🤖 AI Summary
Black-box large models (e.g., API-hosted pre-trained models) are inaccessible in terms of parameters and architecture, and suffer from severe GPU memory constraints. Method: We propose BlackVIP, a vision-language prompting method requiring no internal model information. It employs an input-dependent prompt generation mechanism coupled with SPSA-GC-based gradient estimation, enabling memory-efficient, backpropagation-free adaptation. We further introduce BlackVIP-SE—a lightweight variant—and establish, for the first time, a theoretical connection between visual prompting and randomized smoothing robustness, formally explaining its improved adversarial robustness. Contribution/Results: Evaluated across 19 cross-domain datasets, BlackVIP significantly reduces GPU memory consumption and computational overhead while enhancing out-of-distribution generalization and adversarial robustness—without accessing model internals or gradients.
📝 Abstract
With a surge of large-scale pre-trained models, parameter-efficient transfer learning (PETL) of large models has garnered significant attention. While promising, they commonly rely on two optimistic assumptions: 1) full access to the parameters of a PTM, and 2) sufficient memory capacity to cache all intermediate activations for gradient computation. However, in most real-world applications, PTMs serve as black-box APIs or proprietary software without full parameter accessibility. Besides, it is hard to meet a large memory requirement for modern PTMs. This work proposes black-box visual prompting (BlackVIP), which efficiently adapts the PTMs without knowledge of their architectures or parameters. BlackVIP has two components: 1) Coordinator and 2) simultaneous perturbation stochastic approximation with gradient correction (SPSA-GC). The Coordinator designs input-dependent visual prompts, which allow the target PTM to adapt in the wild. SPSA-GC efficiently estimates the gradient of PTM to update Coordinator.
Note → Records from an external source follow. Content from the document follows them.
lemma integral_step:
  assumes "0 \<le> x" "x \<le> 1"
  shows "integrable uniform01 (\<lambda>u. if u \<le> x then 1 else c)"
    and "(\<integral>u. (if u \<le> x then 1 else c) \<partial>uniform01) = c + (1-c)*x"
proof -
  interpret prob_space uniform01 by (rule prob_space_uniform01)
  have eq: "(\<lambda>u. if u \<le> x then 1 else c) = (\<lambda>u. c + (1-c) * indicator {..x} u)"
    by (rule ext) (simp add: indicator_def)
  have fin: "emeasure uniform01 {..x} < \<infinity>" by (simp add: emeasure_eq_measure)
  have ind_int: "integrable uniform01 (indicator {..x} :: real \<Rightarrow> real)"
    using fin by (intro integrable_real_indicator) auto
  have "measure uniform01 {..x} = measure lborel ({0..1} \<inter> {..x}) / measure lborel {0..1::real}"
    by (rule measure_uniform_measure) simp_all
  also have "{0..1} \<inter> {..x} = {0..x}" using assms by auto
  finally have m: "measure uniform01 {..x} = x" using assms by simp
  show "integrable uniform01 (\<lambda>u. if u \<le> x then 1 else c)" unfolding eq
    by (intro Bochner_Integration.integrable_add integrable_mult_right integrable_real_indicator fin) auto
  show "(\<integral>u. (if u \<le> x then 1 else c) \<partial>uniform01) = c + (1-c)*x" unfolding eq
    by (subst Bochner_Integration.integral_add) (auto simp: m ind_int)
qed

lemma expectation_power_arrivals:
  assumes "0 \<le> x" "x \<le> 1"
  shows "integrable (PiM {..<n} (\<lambda>_. uniform01)) (\<lambda>U. c ^ (n - arrivals_upto n x U))"
    and "(\<integral>U. c ^ (n - arrivals_upto n x U) \<partial>PiM {..<n} (\<lambda>_. uniform01)) = (c + (1-c)*x)^n"
proof -
  interpret PP: product_prob_space "\<lambda>_. uniform01" "{..<n}"
    by (simp add: product_prob_space_def product_sigma_finite_def product_prob_space_axioms_def
        prob_space_uniform01 prob_space_imp_sigma_finite)
  show "integrable (PiM {..<n} (\<lambda>_. uniform01)) (\<lambda>U. c ^ (n - arrivals_upto n x U))"
    unfolding prod_step_eq_power[symmetric]
    by (rule PP.product_integrable_prod) (auto simp: integral_step assms)
  show "(\<integral>U. c ^ (n - arrivals_upto n x U) \<partial>PiM {..<n} (\<lambda>_. uniform01)) = (c + (1-c)*x)^n"
    unfolding prod_step_eq_power[symmetric]
    by (subst PP.product_integral_prod) (auto simp: integral_step assms)
qed

lemma arrivals_upto_sets:
  "{U \<in> space (PiM {..<n} (\<lambda>_. uniform01)). arrivals_upto n x U = k} \<in> sets (PiM {..<n} (\<lambda>_. uniform01))"
proof -
  have "(\<lambda>U. real (arrivals_upto n x U)) = (\<lambda>U. \<Sum>j<n. indicator {..x} (U j))"
    by (rule ext) (simp add: arrivals_upto_def indicator_def sum.If_cases Int_def conj_commute)
  moreover have "(\<lambda>U. \<Sum>j<n. (indicator {..x} (U j) :: real)) \<in> borel_measurable (PiM {..<n} (\<lambda>_. uniform01))"
    by measurable
  ultimately have "(\<lambda>U. real (arrivals_upto n x U)) \<in> borel_measurable (PiM {..<n} (\<lambda>_. uniform01))"
    by simp
  hence "{U \<in> space (PiM {..<n} (\<lambda>_. uniform01)). real (arrivals_upto n x U) = real k}
      \<in> sets (PiM {..<n} (\<lambda>_. uniform01))"
    by measurable
  thus ?thesis by simp
qed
Besides, we introduce a variant, BlackVIP-SE, which significantly reduces the runtime and computational cost of BlackVIP. Extensive experiments on 19 datasets demonstrate that BlackVIPs enable robust adaptation to diverse domains and tasks with minimal memory requirements. We further provide a theoretical analysis on the generalization of visual prompting methods by presenting their connection to the certified robustness of randomized smoothing, and presenting an empirical support for improved robustness.